If the CIF profile is not lower than the purge
profile, the block shall be purged immediately
after deallocation. Cf. section 4.2.1.1.1.3.
According to CAMPS requirements, the purge profile
will be:
- Security Classification = 4 (CTS)
- Atomal Compartment = 1 (Atomal)
- Encryption Compartment = 1 (Encrypted)
The above rules will then assure that purge will be
performed for information of security classification
CTS or special handling designator Atomal or category
Encrypted.
4.2.1.1.2.3 I̲/̲O̲ ̲S̲e̲c̲u̲r̲i̲t̲y̲ ̲C̲o̲n̲t̲r̲o̲l̲
On a Read View command the following check is performed:
The security profile of the requesting process
shall be higher than or equal to the security profile
of the CIF.
On a Write View command the following check is performed:
If the requesting process is untrusted, it shall
have a security profile lower than or equal to
the security profile of the CIF.
4.2.1.1.3 C̲I̲F̲ ̲H̲a̲n̲d̲l̲i̲n̲g̲ ̲C̲o̲m̲m̲a̲n̲d̲s̲
This section describes the execution of the CIF Handling
Commands which can be called by application processes.

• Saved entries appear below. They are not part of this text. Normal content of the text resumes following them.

(* Let $\alpha_s=(1+\rho)/\rho$ and for $x^n\in\{0,1\}^n$ let $\ell_s(x^n)=\lceil-\log_2(\alpha_s p(x^n))\rceil+1$. Define the Shannon–Fano–Elias–Gray (SFEG) code $\phi_{\mathrm{SFEG}}:\{0,1\}^n\to\{0,1\}^*$ by letting $\phi_{\mathrm{SFEG}}(x^n)$ be the binary string of length $\ell_s(x^n)$ consisting of the first $\ell_s(x^n)$ bits of the binary expansion of $F(x^n-1)+p(x^n)/2$, where $F$ is the cumulative distribution function under Gray order. Then (a) $\phi_{\mathrm{SFEG}}$ is uniquely decodable, i.e. the map $(x^n_{(1)},\dots,x^n_{(k)})\mapsto\phi_{\mathrm{SFEG}}(x^n_{(1)})\cdots\phi_{\mathrm{SFEG}}(x^n_{(k)})$ (concatenation), taken over all $k\ge 1$ and all $k$-tuples of sequences in $\{0,1\}^n$, is injective; and (b) for $X^n$ i.i.d. with distribution $p$, $$\mathbb{E}\big[|\phi_{\mathrm{SFEG}}(X^n)|\big]<nH(X)+2-\log_2\frac{1+\rho}{\rho},$$ where $|u|$ is the length of a string $u$ and $H(X)=-p(0)\log_2p(0)-p(1)\log_2p(1)$.
   Context: Let $p$ be a probability distribution on $\{0,1\}$ with $p(0),p(1)\in(0,1)$ and $p(0)\ne p(1)$, and set $\rho=\max\{p(0)/p(1),p(1)/p(0)\}\in(1,\infty)$. For $x^n=(x_1,\dots,x_n)\in\{0,1\}^n$, $p(x^n)=\prod_{i=1}^n p(x_i)$. Gray code is the bijection $g:\{0,1\}^n\to\{0,1\}^n$, $g(x^n)=x^n\oplus(0,x_1,\dots,x_{n-1})$ (bitwise XOR of $x^n$ with its one-bit right shift). Gray order $\preceq_G$ on $\{0,1\}^n$ is defined by $x^n\preceq_G y^n$ iff $g^{-1}(x^n)\preceq_L g^{-1}(y^n)$, where $\preceq_L$ is the lexicographic order. For $x^n$ not the largest element, $x^n+1$ denotes its immediate successor in Gray order; for $x^n$ not the smallest element, $x^n-1$ denotes its immediate predecessor. The cumulative distribution function is $F(x^n)=\sum_{a^n\preceq_G x^n}p(a^n)$, with the convention $F(x^n-1):=0$ when $x^n$ is the smallest element in Gray order. Logarithms are base 2. *)

theory Defs
  imports Complex_Main
begin

text \<open>Binary sequences x^n in {0,1}^n are bool lists of length n (False = 0, True = 1).\<close>

definition gray :: "bool list \<Rightarrow> bool list" where
  "gray xs = map2 (\<noteq>) xs (False # butlast xs)"

definition gray_inv :: "nat \<Rightarrow> bool list \<Rightarrow> bool list" where
  "gray_inv n x = the_inv_into {xs. length xs = n} gray x"

definition lex_le :: "bool list \<Rightarrow> bool list \<Rightarrow> bool" where
  "lex_le xs ys \<longleftrightarrow> xs = ys \<or> (xs, ys) \<in> lexord {(a, b). a = False \<and> b = True}"

definition gray_le :: "nat \<Rightarrow> bool list \<Rightarrow> bool list \<Rightarrow> bool" where
  "gray_le n x y \<longleftrightarrow> lex_le (gray_inv n x) (gray_inv n y)"

definition seqprob :: "(bool \<Rightarrow> real) \<Rightarrow> bool list \<Rightarrow> real" where
  "seqprob p xs = prod_list (map p xs)"

definition cdf :: "(bool \<Rightarrow> real) \<Rightarrow> nat \<Rightarrow> bool list \<Rightarrow> real" where
  "cdf p n x = (\<Sum>a\<in>{a. length a = n \<and> gray_le n a x}. seqprob p a)"

definition has_gray_pred :: "nat \<Rightarrow> bool list \<Rightarrow> bool" where
  "has_gray_pred n x \<longleftrightarrow> (\<exists>y. length y = n \<and> gray_le n y x \<and> y \<noteq> x)"

definition gray_pred :: "nat \<Rightarrow> bool list \<Rightarrow> bool list" where
  "gray_pred n x = (THE y. length y = n \<and> gray_le n y x \<and> y \<noteq> x \<and>
      (\<forall>z. length z = n \<and> gray_le n z x \<and> z \<noteq> x \<longrightarrow> gray_le n z y))"

text \<open>F(x^n - 1), with the convention F(x^n - 1) = 0 for the Gray-smallest x^n.\<close>
definition cdf_prev :: "(bool \<Rightarrow> real) \<Rightarrow> nat \<Rightarrow> bool list \<Rightarrow> real" where
  "cdf_prev p n x = (if has_gray_pred n x then cdf p n (gray_pred n x) else 0)"

definition rho :: "(bool \<Rightarrow> real) \<Rightarrow> real" where
  "rho p = max (p False / p True) (p True / p False)"

definition alpha_s :: "(bool \<Rightarrow> real) \<Rightarrow> real" where
  "alpha_s p = (1 + rho p) / rho p"

definition ell_s :: "(bool \<Rightarrow> real) \<Rightarrow> bool list \<Rightarrow> nat" where
  "ell_s p x = nat (\<lceil>- log 2 (alpha_s p * seqprob p x)\<rceil> + 1)"

text \<open>First l bits of the (standard, non-terminating-in-ones) binary expansion of v.\<close>
definition bin_digits :: "real \<Rightarrow> nat \<Rightarrow> bool list" where
  "bin_digits v l = map (\<lambda>i. odd \<lfloor>v * 2 ^ i\<rfloor>) [1..<l+1]"

definition sfeg :: "(bool \<Rightarrow> real) \<Rightarrow> nat \<Rightarrow> bool list \<Rightarrow> bool list" where
  "sfeg p n x = bin_digits (cdf_prev p n x + seqprob p x / 2) (ell_s p x)"

definition uniquely_decodable :: "nat \<Rightarrow> (bool list \<Rightarrow> bool list) \<Rightarrow> bool" where
  "uniquely_decodable n c \<longleftrightarrow>
     (\<forall>xs ys. xs \<noteq> [] \<longrightarrow> ys \<noteq> [] \<longrightarrow> (\<forall>x\<in>set xs. length x = n) \<longrightarrow>
        (\<forall>y\<in>set ys. length y = n) \<longrightarrow> concat (map c xs) = concat (map c ys) \<longrightarrow> xs = ys)"
(* Assume the family $\{\mathbf M_\theta\}_{\theta\in\mathcal I}$ of expectation matrices is good with respect to $\nu$, the process is uniformly allowable with constant $\alpha>0$, and there is $M<\infty$ with $\frac{\partial^2 f_\theta^{(k)}}{\partial s_j\partial s_i}(\mathbf 1)<M$ for all $\theta\in\mathcal I$, $i,j,k\in[N]$. Assume $\lambda>0$ and let $0<\rho<1$ with $\rho e^{\lambda}>1$. For $\theta\in\mathcal I$ set $\mathbf g_\theta(\mathbf s)=\mathbf 1-\rho\,\mathbf M_\theta(\mathbf 1-\mathbf s)$. Then there exists $\delta>0$ such that for all $\theta\in\mathcal I$ and all $\mathbf s\in[0,1]^N$ with $\max_{j\in[N]}(1-s_j)\le\delta$, we have $\mathbf g_\theta(\mathbf s)\ge\mathbf f_\theta(\mathbf s)$ componentwise.
   Context: $N\ge2$, $\mathcal I$ countable, $\Sigma=\mathcal I^{\mathbb N}$, $\nu$ a shift-invariant ergodic probability measure on $\Sigma$; $[N]=\{0,\dots,N-1\}$; $\mathbf 1$ the all-one vector. For $\theta\in\mathcal I$, $\mathbf f_\theta=(f_\theta^{(0)},\dots,f_\theta^{(N-1)})$ with $f_\theta^{(i)}(\mathbf s)=\sum_{\mathbf z\in\mathbb N_0^N}f_\theta^{(i)}[\mathbf z]\mathbf s^{\mathbf z}$ pgfs on $\mathbb N_0^N$; $\mathbf M_\theta(i,k)=\partial f_\theta^{(i)}/\partial s_k(\mathbf 1)$ (finite), $\mathbf M_\theta(\mathbf 1-\mathbf s)$ is matrix–vector product. Allowable: each row and column has a positive entry. For nonnegative $\mathbf B$: $\|\mathbf B\|$ = sum of entries, $\|\mathbf B\|_1$ = max column sum, $(\mathbf B)_*$ = min column sum. Good: all $\mathbf M_\theta$ allowable, $\int|\log\|\mathbf M_{\theta_1}\|_1|d\nu+\int|\log(\mathbf M_{\theta_1})_*|d\nu<\infty$, and some word $(\theta_1,\dots,\theta_n)$ of positive $\nu$-cylinder measure has $\mathbf M_{\theta_1}\cdots\mathbf M_{\theta_n}$ strictly positive. $\lambda=\lim_n\frac1n\log\|\mathbf M_{\theta_1}\cdots\mathbf M_{\theta_n}\|$ ($\nu$-a.s. constant). Uniformly allowable with constant $\alpha$: $\inf\{\sum_{\mathbf w\in\mathbb N_0^N:\,w_i\ne0}f_\theta^{(k)}[\mathbf w]:\theta\in\mathcal I,\ k,i\in[N],\ \mathbf M_\theta(k,i)>0\}>\alpha$. *)

theory Defs
  imports "HOL-Probability.Probability"
begin

text \<open>Offspring vectors in N_0^N, represented as functions nat => nat vanishing outside [N].\<close>
definition offspring :: "nat \<Rightarrow> (nat \<Rightarrow> nat) set" where
  "offspring N = {z. \<forall>i. N \<le> i \<longrightarrow> z i = 0}"

definition is_pgf_coeffs :: "nat \<Rightarrow> ((nat \<Rightarrow> nat) \<Rightarrow> real) \<Rightarrow> bool" where
  "is_pgf_coeffs N p \<longleftrightarrow> (\<forall>z. 0 \<le> p z) \<and> (\<forall>z. z \<notin> offspring N \<longrightarrow> p z = 0)
     \<and> (p has_sum 1) (offspring N)"
(* Let $\bar Q=(Q,I)$ be a locally gentle bound quiver and let $\omega$ be a walk of $\bar Q$ that does not kiss itself. If $\omega$ contains as a factor a non-trivial oriented cycle $c$ of $Q$ with $c,c^2\notin I$, then $\omega$ (up to inversion) is of the form $\sigma c^{\pm\infty}$ for some (possibly infinite) substring $\sigma$, where $c^{\infty}=ccc\cdots$ and $c^{-\infty}=(c^{-1})^\infty$.
   Context: Locally gentle bound quiver $\bar Q=(Q,I)$: $Q$ finite, $I$ an ideal of $kQ$ generated by paths of length two ($kQ/I$ possibly infinite-dimensional), each vertex with at most two incoming and two outgoing arrows, and for each arrow $\beta$ at most one $\alpha$ with $t(\alpha)=s(\beta)$, $\alpha\beta\notin I$, at most one with $\alpha\beta\in I$, at most one $\gamma$ with $t(\beta)=s(\gamma)$, $\beta\gamma\notin I$, at most one with $\beta\gamma\in I$. $\bar Q^{\mathrm{bl}}$ adds degree-one blossom vertices and arrows so each vertex of $Q_0$ has two incoming and two outgoing arrows, relations completed to stay locally gentle. A finite string is a composable word $\alpha_1^{\varepsilon_1}\cdots\alpha_\ell^{\varepsilon_\ell}$ in arrows and formal inverses with no factor $\pi^{\pm1}$ for a path $\pi\in I$ and no factor $\alpha\alpha^{-1}$, $\alpha^{-1}\alpha$; an eventually cyclic string is ${}^\infty(c_1^{\varepsilon_1})\sigma(c_2^{\varepsilon_2})^\infty$ with $c_i$ oriented cycles (possibly of length zero) and $c_1^{2\varepsilon_1}\sigma c_2^{2\varepsilon_2}$ a finite string. A walk is a maximal (finite or eventually cyclic) string of $\bar Q^{\mathrm{bl}}$, identified with its inverse. For $\omega=\prod_{i<\ell<j}\alpha_\ell^{\varepsilon_\ell}$, a substring $\prod_{i'<\ell<j'}\alpha_\ell^{\varepsilon_\ell}$ ($i\le i'<j'\le j$, strict at finite ends, remembered with its position) is on top if ($i'=-\infty$ or $\varepsilon_{i'}=-1$) and ($j'=\infty$ or $\varepsilon_{j'}=1$), at the bottom if ($i'=-\infty$ or $\varepsilon_{i'}=1$) and ($j'=\infty$ or $\varepsilon_{j'}=-1$). $\omega$ kisses itself if some finite string occurs (at possibly different positions) as a top substring and as a bottom substring of $\omega$. *)

theory Defs
  imports Main
begin

text \<open>A bound quiver (Q,I): vertices, arrows, source/target maps, and the set of
  generating relations of I (paths of length two, given as pairs of composable arrows).\<close>
record ('v, 'a) bquiver =
  verts :: "'v set"
  arrs  :: "'a set"
  qsrc  :: "'a \<Rightarrow> 'v"
  qtgt  :: "'a \<Rightarrow> 'v"
  rels  :: "('a \<times> 'a) set"

definition wf_bquiver :: "('v, 'a) bquiver \<Rightarrow> bool" where
  "wf_bquiver Q \<longleftrightarrow>
     (\<forall>a\<in>arrs Q. qsrc Q a \<in> verts Q \<and> qtgt Q a \<in> verts Q) \<and>
     rels Q \<subseteq> {(a, b). a \<in> arrs Q \<and> b \<in> arrs Q \<and> qtgt Q a = qsrc Q b}"

definition locally_gentle :: "('v, 'a) bquiver \<Rightarrow> bool" where
  "locally_gentle Q \<longleftrightarrow> wf_bquiver Q \<and> finite (verts Q) \<and> finite (arrs Q) \<and>
     (\<forall>v\<in>verts Q. card {a\<in>arrs Q. qtgt Q a = v} \<le> 2 \<and> card {a\<in>arrs Q. qsrc Q a = v} \<le> 2) \<and>
     (\<forall>\<beta>\<in>arrs Q.
        card {\<alpha>\<in>arrs Q. qtgt Q \<alpha> = qsrc Q \<beta> \<and> (\<alpha>, \<beta>) \<notin> rels Q} \<le> 1 \<and>
        card {\<alpha>\<in>arrs Q. qtgt Q \<alpha> = qsrc Q \<beta> \<and> (\<alpha>, \<beta>) \<in> rels Q} \<le> 1 \<and>
        card {\<gamma>\<in>arrs Q. qtgt Q \<beta> = qsrc Q \<gamma> \<and> (\<beta>, \<gamma>) \<notin> rels Q} \<le> 1 \<and>
        card {\<gamma>\<in>arrs Q. qtgt Q \<beta> = qsrc Q \<gamma> \<and> (\<beta>, \<gamma>) \<in> rels Q} \<le> 1)"

definition is_blossoming :: "('v, 'a) bquiver \<Rightarrow> ('v, 'a) bquiver \<Rightarrow> bool" where
  "is_blossoming Q Qb \<longleftrightarrow>
     verts Q \<subseteq> verts Qb \<and> arrs Q \<subseteq> arrs Qb \<and>
     (\<forall>a\<in>arrs Q. qsrc Qb a = qsrc Q a \<and> qtgt Qb a = qtgt Q a) \<and>
     rels Qb \<inter> (arrs Q \<times> arrs Q) = rels Q \<and>
     (\<forall>a\<in>arrs Qb - arrs Q.
        (qsrc Qb a \<in> verts Q \<and> qtgt Qb a \<in> verts Qb - verts Q) \<or>
        (qsrc Qb a \<in> verts Qb - verts Q \<and> qtgt Qb a \<in> verts Q)) \<and>
     (\<forall>v\<in>verts Qb - verts Q. card {a\<in>arrs Qb. qsrc Qb a = v \<or> qtgt Qb a = v} = 1) \<and>
     (\<forall>v\<in>verts Q. card {a\<in>arrs Qb. qtgt Qb a = v} = 2 \<and> card {a\<in>arrs Qb. qsrc Qb a = v} = 2) \<and>
     locally_gentle Qb"

text \<open>Since I is generated by the paths of length two in rels Q, a path (list of arrows)
  lies in I iff it contains one of them as a factor.\<close>
definition path_in_ideal :: "('v, 'a) bquiver \<Rightarrow> 'a list \<Rightarrow> bool" where
  "path_in_ideal Q p \<longleftrightarrow> (\<exists>i. Suc i < length p \<and> (p ! i, p ! Suc i) \<in> rels Q)"

definition is_oriented_cycle :: "('v, 'a) bquiver \<Rightarrow> 'a list \<Rightarrow> bool" where
  "is_oriented_cycle Q c \<longleftrightarrow> c \<noteq> [] \<and> set c \<subseteq> arrs Q \<and>
     (\<forall>i. Suc i < length c \<longrightarrow> qtgt Q (c ! i) = qsrc Q (c ! Suc i)) \<and>
     qtgt Q (last c) = qsrc Q (hd c)"

text \<open>A letter is an arrow with an orientation: (\<alpha>, True) is \<alpha>, (\<alpha>, False) is its formal
  inverse. A (possibly infinite) word is represented by bounds lo, hi (None = infinite)
  and a map w; the letters are w l for lo < l < hi.\<close>
type_synonym 'a letter = "'a \<times> bool"

definition lsrc :: "('v, 'a) bquiver \<Rightarrow> 'a letter \<Rightarrow> 'v" where
  "lsrc Q x = (if snd x then qsrc Q (fst x) else qtgt Q (fst x))"

definition ltgt :: "('v, 'a) bquiver \<Rightarrow> 'a letter \<Rightarrow> 'v" where
  "ltgt Q x = (if snd x then qtgt Q (fst x) else qsrc Q (fst x))"

text \<open>Two consecutive letters x y are allowed in a string: composable, not of the form
  \<alpha>\<alpha>\<inverse> or \<alpha>\<inverse>\<alpha>, and not a factor \<pi> or \<pi>\<inverse> with \<pi> a path in I (as I is generated
  by paths of length two, it suffices to exclude the generators).\<close>
definition string_step :: "('v, 'a) bquiver \<Rightarrow> 'a letter \<Rightarrow> 'a letter \<Rightarrow> bool" where
  "string_step Q x y \<longleftrightarrow> ltgt Q x = lsrc Q y \<and>
     \<not> (fst x = fst y \<and> snd x \<noteq> snd y) \<and>
     (snd x \<and> snd y \<longrightarrow> (fst x, fst y) \<notin> rels Q) \<and>
     (\<not> snd x \<and> \<not> snd y \<longrightarrow> (fst y, fst x) \<notin> rels Q)"

definition in_dom :: "int option \<Rightarrow> int option \<Rightarrow> int \<Rightarrow> bool" where
  "in_dom lo hi l \<longleftrightarrow> (case lo of None \<Rightarrow> True | Some i \<Rightarrow> i < l) \<and>
                      (case hi of None \<Rightarrow> True | Some j \<Rightarrow> l < j)"

definition is_string :: "('v, 'a) bquiver \<Rightarrow> int option \<Rightarrow> int option \<Rightarrow> (int \<Rightarrow> 'a letter) \<Rightarrow> bool" where
  "is_string Q lo hi w \<longleftrightarrow>
     (\<forall>l. in_dom lo hi l \<longrightarrow> fst (w l) \<in> arrs Q) \<and>
     (\<forall>l. in_dom lo hi l \<and> in_dom lo hi (l + 1) \<longrightarrow> string_step Q (w l) (w (l + 1)))"

text \<open>Finite or eventually cyclic: each infinite end is eventually a power of an oriented
  cycle, taken directly or inversely (periodic with constant orientation).\<close>
definition eventually_cyclic :: "int option \<Rightarrow> int option \<Rightarrow> (int \<Rightarrow> 'a letter) \<Rightarrow> bool" where
  "eventually_cyclic lo hi w \<longleftrightarrow>
     (lo = None \<longrightarrow> (\<exists>n p. p > 0 \<and> (\<forall>l\<le>n. w (l - p) = w l \<and> snd (w l) = snd (w n)))) \<and>
     (hi = None \<longrightarrow> (\<exists>n p. p > 0 \<and> (\<forall>l\<ge>n. w (l + p) = w l \<and> snd (w l) = snd (w n))))"

definition maximal_string :: "('v, 'a) bquiver \<Rightarrow> int option \<Rightarrow> int option \<Rightarrow> (int \<Rightarrow> 'a letter) \<Rightarrow> bool" where
  "maximal_string Q lo hi w \<longleftrightarrow>
     (\<forall>i. lo = Some i \<longrightarrow> \<not> (\<exists>x. fst x \<in> arrs Q \<and> string_step Q x (w (i + 1)))) \<and>
     (\<forall>j. hi = Some j \<longrightarrow> \<not> (\<exists>x. fst x \<in> arrs Q \<and> string_step Q (w (j - 1)) x))"

definition is_walk :: "('v, 'a) bquiver \<Rightarrow> int option \<Rightarrow> int option \<Rightarrow> (int \<Rightarrow> 'a letter) \<Rightarrow> bool" where
  "is_walk Qb lo hi w \<longleftrightarrow> is_string Qb lo hi w \<and> (\<exists>l. in_dom lo hi l) \<and>
     eventually_cyclic lo hi w \<and> maximal_string Qb lo hi w"

definition inv_word :: "(int \<Rightarrow> 'a letter) \<Rightarrow> int \<Rightarrow> 'a letter" where
  "inv_word w l = (fst (w (- l)), \<not> snd (w (- l)))"

text \<open>Self-kissing: a finite substring strictly between positions i1 < j1 is on top
  (letter i1 inverse, letter j1 direct), one strictly between i2 < j2 is at the bottom
  (letter i2 direct, letter j2 inverse), and they are the same string (same start vertex,
  same length, same letters).  Finite substrings are bounded by existing letters.\<close>
definition kisses_itself :: "('v, 'a) bquiver \<Rightarrow> int option \<Rightarrow> int option \<Rightarrow> (int \<Rightarrow> 'a letter) \<Rightarrow> bool" where
  "kisses_itself Q lo hi w \<longleftrightarrow>
     (\<exists>i1 j1 i2 j2. i1 < j1 \<and> i2 < j2 \<and>
        in_dom lo hi i1 \<and> in_dom lo hi j1 \<and> in_dom lo hi i2 \<and> in_dom lo hi j2 \<and>
        \<not> snd (w i1) \<and> snd (w j1) \<and> snd (w i2) \<and> \<not> snd (w j2) \<and>
        j1 - i1 = j2 - i2 \<and> ltgt Q (w i1) = ltgt Q (w i2) \<and>
        (\<forall>k. 0 < k \<and> k < j1 - i1 \<longrightarrow> w (i1 + k) = w (i2 + k)))"

definition has_factor :: "int option \<Rightarrow> int option \<Rightarrow> (int \<Rightarrow> 'a letter) \<Rightarrow> 'a list \<Rightarrow> bool" where
  "has_factor lo hi w c \<longleftrightarrow>
     (\<exists>n. \<forall>k < length c. in_dom lo hi (n + int k) \<and> w (n + int k) = (c ! k, True))"

definition ends_with_cycle_power :: "int option \<Rightarrow> int option \<Rightarrow> (int \<Rightarrow> 'a letter) \<Rightarrow> 'a list \<Rightarrow> bool" where
  "ends_with_cycle_power lo hi w c \<longleftrightarrow> hi = None \<and>
     (\<exists>n. in_dom lo hi n \<and>
        ((\<forall>k::nat. w (n + int k) = (c ! (k mod length c), True)) \<or>
         (\<forall>k::nat. w (n + int k) = (c ! (length c - 1 - k mod length c), False))))"

end

theory Submission
  imports Defs
begin

(* In a locally gentle quiver a direct letter has at most one direct successor and at most one
   direct predecessor avoiding the relations, and since c\<^sup>2 \<notin> I the arrows of c c c ... are
   such successors.  So from the factor c the walk keeps reading c c c ... in both directions
   until it meets an inverse letter; by maximality it cannot just stop there.  If the run is
   infinite on one side, the walk is \<sigma> c\<^sup>\<infinity> or its inverse.  Otherwise the run is framed by
   inverse letters and has length at least |c|: without its last |c| letters it is a substring on
   top, without its first |c| letters one at the bottom, and by periodicity the two are equal,
   so the walk would kiss itself. *)

definition cyc_nth :: "'a list \<Rightarrow> int \<Rightarrow> 'a" where
  "cyc_nth c t = c ! nat (t mod int (length c))"

lemma cyc_nth_in_set: "c \<noteq> [] \<Longrightarrow> cyc_nth c t \<in> set c"
  unfolding cyc_nth_def by (simp add: nat_less_iff)

lemma cyc_nth_add_length: "cyc_nth c (t + int (length c)) = cyc_nth c t"
  by (simp add: cyc_nth_def)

4.2.1.1.3.1 C̲r̲e̲a̲t̲e̲ ̲C̲I̲F̲
Input: CIF Attributes.
Output: Completion Code
View Ref.
Completed View Attributes.
The specified CIF Attributes are checked. If OK, a
C̲I̲F̲ C̲ontrol B̲lock is allocated and initialized according
to specified attributes. If at least one field group
is declared permanent, the next CIF ID is obtained
from the CIF Storage and Retrieval Subpackage and assigned
to the CIF. If the CIF is specified as recoverable,
the CIF Checkpoint and Recovery Subpackage is notified.
A Field Group Descriptor and a F̲ield D̲escriptor are
allocated for each field group specified. If any of
the specified allocated lengths are non-zero, the necessary
disk blocks are allocated to the CIF and sectors allocated
to the fields.
A V̲iew C̲ontrol B̲lock is allocated and initialized pointing
to the FDs and CIFCB with read and write access right.
The attributes delivered as command parameters are
updated, and the index of VCB is returned as the View
Ref. output parameter.
4.2.1.1.3.2 C̲r̲e̲a̲t̲e̲ ̲N̲e̲w̲ ̲C̲I̲F̲ ̲V̲e̲r̲s̲i̲o̲n̲
Input: View Ref., previous version
CIF Attributes, new version.
Output: Completion Code
View Ref., new version
View Attributes, new version.
It is checked if referenced CIF is latest version and
if specified attributes (only field information) are
legal. If OK, attributes are transferred from referenced
CIFCB. A new CIFCB is allocated. The CIF ID is set
to same value as in previous version, but version indicator
is increased by one. The Latest Version Indicator is
set in the new CIFCB and reset in the previous one.
Processing is then continued as in Create CIF.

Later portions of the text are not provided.